HUMAN-NETS Digest Wednesday, 20 Feb 1985 Volume 8 : Issue 6
Responses to Queries - Computer Ethics Research &
Non-computer user's use of Electronic Mail,
Computers and the Law - MOG-UR update,
Computer Networks - Stargate (3 msgs),
Computers and People - CDs vs Books
Subject: Re: Computer Ethics Research
Date: 09 Feb 85 11:49:54 PST (Sat)
The most important practice I have discovered for supporting good
computer ethics and avoiding computer abuse is maintaining a
cooperative and fairly open social environment, with administrators
and managers in good communication with users and restrictions
minimized and downplayed. I have learned this lesson at both
industrial and academic sites. This is actually no different from
avoiding abuse in other social environments.
On systems where computer management is heavy handed or isolated, some
users become alienated and try to break system security. In general,
the more security is touted, and the more access restrictions are
tightened, the harder some users will try to break them. Many
computer users are very interested in the systems they use. If most
system information is gratuitously off-limits, they will not see any
reason not to try to get at it.

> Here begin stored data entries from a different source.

(* Let $f:X\to Y$ be a continuous surjection between compact spaces such that $f$ is light, i.e. every fibre $f^{-1}(y)$, $y\in Y$, is zero-dimensional. Let $A$ be the set of all continuous functions $u:X\to [0,1]$ such that $u[f^{-1}(y)]$ is zero-dimensional for every $y\in Y$. If $Y$ has property $C$, then $A$ is a dense $G_\delta$-subset of $C(X,[0,1])$.
   Context: Compact spaces are Hausdorff. $C(X,[0,1])$ denotes the space of all continuous maps $u:X\to[0,1]$ with the sup-metric $d(u,v)=\sup_{x\in X}|u(x)-v(x)|$. A space $Y$ has property $C$ (is a $C$-space) if for every sequence $\{\alpha_n:n\in\omega\}$ of open covers of $Y$ there is a sequence $\{\mu_n:n\in\omega\}$, where each $\mu_n$ is a family of pairwise disjoint open subsets of $Y$ refining $\alpha_n$, such that $\bigcup_{n\in\omega}\mu_n$ covers $Y$. *)

theory Defs
  imports "HOL-Analysis.Analysis"
begin

definition C_space :: "'b topology \<Rightarrow> bool" where
  "C_space Y \<longleftrightarrow>
     (\<forall>\<alpha> :: nat \<Rightarrow> 'b set set.
        (\<forall>n. (\<forall>U\<in>\<alpha> n. openin Y U) \<and> topspace Y \<subseteq> \<Union>(\<alpha> n)) \<longrightarrow>
        (\<exists>\<mu> :: nat \<Rightarrow> 'b set set.
           (\<forall>n. (\<forall>V\<in>\<mu> n. openin Y V \<and> (\<exists>U\<in>\<alpha> n. V \<subseteq> U)) \<and> pairwise disjnt (\<mu> n)) \<and>
           topspace Y \<subseteq> \<Union>(\<Union>n. \<mu> n)))"

text \<open>The metric space C(X,[0,1]) with the sup-metric (functions extensional on the topspace).\<close>
definition CX01 :: "'a topology \<Rightarrow> ('a \<Rightarrow> real) metric" where
  "CX01 X = cfunspace X (submetric euclidean_metric {0..1::real})"
(* Let $\lambda$ be a partition of $n$ with largest part $\lambda_1$, and let $m\ge n-(\lambda_1-1)$. Then there is a bijection between $\mathrm{QYT}_{\le m}(\lambda)$ and the set $\mathrm{SYT}(\lambda)$ of standard Young tableaux of shape $\lambda$; in particular $|\mathrm{QYT}_{\le m}(\lambda)|=|\mathrm{SYT}(\lambda)|$.
   Context: A partition $\lambda=(\lambda_1\ge\lambda_2\ge\cdots\ge\lambda_k>0)$ of $n$ has length $\ell(\lambda)=k$ and size $n=\sum_i\lambda_i$. Its (French) Young diagram has $\lambda_j$ left-justified boxes in row $j$, rows numbered from bottom to top. A semistandard Young tableau (SSYT) of shape $\lambda$ is a filling of the boxes with positive integers that weakly increase from left to right along rows and strictly increase from bottom to top along columns. A standard Young tableau of shape $\lambda$ is an SSYT using each of $1,\dots,n$ exactly once. An SSYT $T$ is quasi-Yamanouchi if for every integer $i>1$ that appears in $T$, the leftmost occurrence of $i$ lies in a column weakly left of (i.e. with column index $\le$ that of) some occurrence of $i-1$ in $T$. $\mathrm{QYT}_{\le m}(\lambda)$ denotes the set of quasi-Yamanouchi tableaux of shape $\lambda$ all of whose entries are at most $m$. *)

theory Defs
  imports Main
begin

text \<open>Cells are (row, column), 0-indexed,
  row i having lam ! i boxes. A tableau is a function on cells, set to 0 outside
  the diagram so that tableaux of a fixed shape are determined by their entries.\<close>

definition is_partition :: "nat list \<Rightarrow> bool" where
  "is_partition lam \<longleftrightarrow> sorted_wrt (\<ge>) lam \<and> 0 \<notin> set lam"

definition largest_part :: "nat list \<Rightarrow> nat" where
  "largest_part lam = (if lam = [] then 0 else hd lam)"

definition cells :: "nat list \<Rightarrow> (nat \<times> nat) set" where
  "cells lam = {(i, j). i < length lam \<and> j < lam ! i}"

definition is_ssyt :: "nat list \<Rightarrow> (nat \<times> nat \<Rightarrow> nat) \<Rightarrow> bool" where
  "is_ssyt lam T \<longleftrightarrow>
     (\<forall>c\<in>cells lam. 1 \<le> T c) \<and>
     (\<forall>c. c \<notin> cells lam \<longrightarrow> T c = 0) \<and>
     (\<forall>i j. (i, Suc j) \<in> cells lam \<longrightarrow> T (i, j) \<le> T (i, Suc j)) \<and>
     (\<forall>i j. (Suc i, j) \<in> cells lam \<longrightarrow> T (i, j) < T (Suc i, j))"

definition is_syt :: "nat list \<Rightarrow> (nat \<times> nat \<Rightarrow> nat) \<Rightarrow> bool" where
  "is_syt lam T \<longleftrightarrow> is_ssyt lam T \<and> bij_betw T (cells lam) {1..sum_list lam}"

definition is_quasi_yamanouchi :: "nat list \<Rightarrow> (nat \<times> nat \<Rightarrow> nat) \<Rightarrow> bool" where
  "is_quasi_yamanouchi lam T \<longleftrightarrow>
     (\<forall>i. 1 < i \<and> i \<in> T ` cells lam \<longrightarrow>
        (\<exists>d\<in>cells lam. T d = i - 1 \<and>
           Min {snd c | c. c \<in> cells lam \<and> T c = i} \<le> snd d))"

definition SYT :: "nat list \<Rightarrow> (nat \<times> nat \<Rightarrow> nat) set" where
  "SYT lam = {T. is_syt lam T}"

definition QYT_le :: "nat \<Rightarrow> nat list \<Rightarrow> (nat \<times> nat \<Rightarrow> nat) set" where
  "QYT_le m lam = {T. is_ssyt lam T \<and> is_quasi_yamanouchi lam T \<and> (\<forall>c\<in>cells lam. T c \<le> m)}"

end

theory Submission
  imports Defs "HOL-Library.Product_Lexorder"
begin

text \<open>Standardization numbers the cells of a semistandard tableau 1, ..., n in increasing
  order of entry, equal entries (which form a horizontal strip) from left to right; the result
  is a standard tableau. Conversely, a standard tableau S is destandardized by giving the cell
  with entry k the value 1 + (number of descents of S below k), where k is a descent if k + 1
  lies in a strictly higher row. Destandardization always yields a quasi-Yamanouchi tableau,
  and the quasi-Yamanouchi condition says precisely that the entries of a tableau increase
  from one standardized cell to the next only at descents, so the two maps are mutually inverse.
  Finally every descent k has k + 1 in a cell outside the bottom row, so there are at most
  n - largest_part lam descents, and all destandardized entries are at most
  n - largest_part lam + 1 \<le> m.\<close>

section \<open>Partitions and semistandard tableaux\<close>

lemma partition_nth_antimono:
  assumes "is_partition lam" "i \<le> i'" "i' < length lam"
  shows "lam ! i' \<le> lam ! i"
  using assms sorted_wrt_nth_less[of "(\<ge>)" lam i i']
  by (cases "i = i'") (auto simp: is_partition_def)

They quickly get used to breaking
On more enlightened systems, access restrictions are minimized. Where
restrictions must be applied, the users are notified, the situation
explained, and their cooperation is requested. It is never implied
that the security mechanisms are unbreakable. If anything, it is
implied that they are breakable, but users are requested not to.
Penalties are never alluded to.
Note that this is similar to normal practices of physical security.
If people started putting bank vaults in your office, and warning you
about the heavy penalties of being caught hunting through other
people's desks, etc., it would chill the social atmosphere. Yet with
normal (easily breakable) curtesy locks on private materials, few
people would consider breaking in.
In line with this user oriented viewpoint, the security of personal
files should always be a personal matter, with users able to limit the
access to their own data from other users AND from administrators.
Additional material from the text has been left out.